▸ **Problem**: The required output is the line containing "p m \<noteq>" and every line after it, transcribed exactly through the end of the data below.

*** Opening of Record extracts ***

lemma monom_eval_add:
  assumes "finite {v. m1 v \<noteq> 0}" "finite {v. m2 v \<noteq> 0}"
  shows "monom_eval (\<lambda>v. m1 v + m2 v) u = monom_eval m1 u * monom_eval m2 u"
proof -
  let ?S = "{v. m1 v \<noteq> 0} \<union> {v. m2 v \<noteq> 0}"
  have S: "finite ?S" using assms by blast
  have "monom_eval (\<lambda>v. m1 v + m2 v) u = (\<Prod>v\<in>?S. u v ^ (m1 v + m2 v))"
    by (rule monom_eval_eq_prod[OF S]) auto
  also have "\<dots> = (\<Prod>v\<in>?S. u v ^ m1 v) * (\<Prod>v\<in>?S. u v ^ m2 v)"
    by (simp add: power_add prod.distrib)
  also have "\<dots> = monom_eval m1 u * monom_eval m2 u"
    by (simp add: monom_eval_eq_prod[OF S])
  finally show ?thesis .
qed

lemma poly_fun_sum_monom_eval:
  assumes "finite I" "\<forall>i\<in>I. finite {v. g i v \<noteq> 0}"
  shows "poly_fun (\<lambda>u. \<Sum>i\<in>I. c i * monom_eval (g i) u)"
proof -
  define p where "p m = (\<Sum>i | i \<in> I \<and> g i = m. c i)" for m
  have supp: "{m. p m \<noteq> 0} \<subseteq> g ` I"
    unfolding p_def by (auto elim: sum.not_neutral_contains_not_neutral)
  then have "is_cpoly p"
    unfolding is_cpoly_def using assms finite_subset by blast
  moreover have "cpoly_eval p u = (\<Sum>i\<in>I. c i * monom_eval (g i) u)" for u
  proof -
    have "cpoly_eval p u = (\<Sum>m\<in>g ` I. p m * monom_eval m u)"
      unfolding cpoly_eval_eq_sum_monom_eval
      by (rule sum.mono_neutral_left) (use supp assms in auto)
    also have "\<dots> = (\<Sum>m\<in>g ` I. \<Sum>i | i \<in> I \<and> g i = m. c i * monom_eval (g i) u)"
      unfolding p_def sum_distrib_right by (intro sum.cong refl) auto
    also have "\<dots> = (\<Sum>i\<in>I. c i * monom_eval (g i) u)"
      by (rule sum.group) (use assms in auto)
    finally show ?thesis .
  qed
  ultimately show ?thesis
    unfolding poly_fun_def by (intro exI[of _ p]) auto
qed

*** Close of Record extracts ***

▸ **Output of the task**:
  have supp: "{m. p m \<noteq> 0} \<subseteq> g ` I"
    unfolding p_def by (auto elim: sum.not_neutral_contains_not_neutral)
  then have "is_cpoly p"
    unfolding is_cpoly_def using assms finite_subset by blast
  moreover have "cpoly_eval p u = (\<Sum>i\<in>I. c i * monom_eval (g i) u)" for u
  proof -
    have "cpoly_eval p u = (\<Sum>m\<in>g ` I. p m * monom_eval m u)"
      unfolding cpoly_eval_eq_sum_monom_eval
      by (rule sum.mono_neutral_left) (use supp assms in auto)
    also have "\<dots> = (\<Sum>m\<in>g ` I. \<Sum>i | i \<in> I \<and> g i = m. c i * monom_eval (g i) u)"
      unfolding p_def sum_distrib_right by (intro sum.cong refl) auto
    also have "\<dots> = (\<Sum>i\<in>I. c i * monom_eval (g i) u)"
      by (rule sum.group) (use assms in auto)
    finally show ?thesis .
  qed
  ultimately show ?thesis
    unfolding poly_fun_def by (intro exI[of _ p]) auto
qed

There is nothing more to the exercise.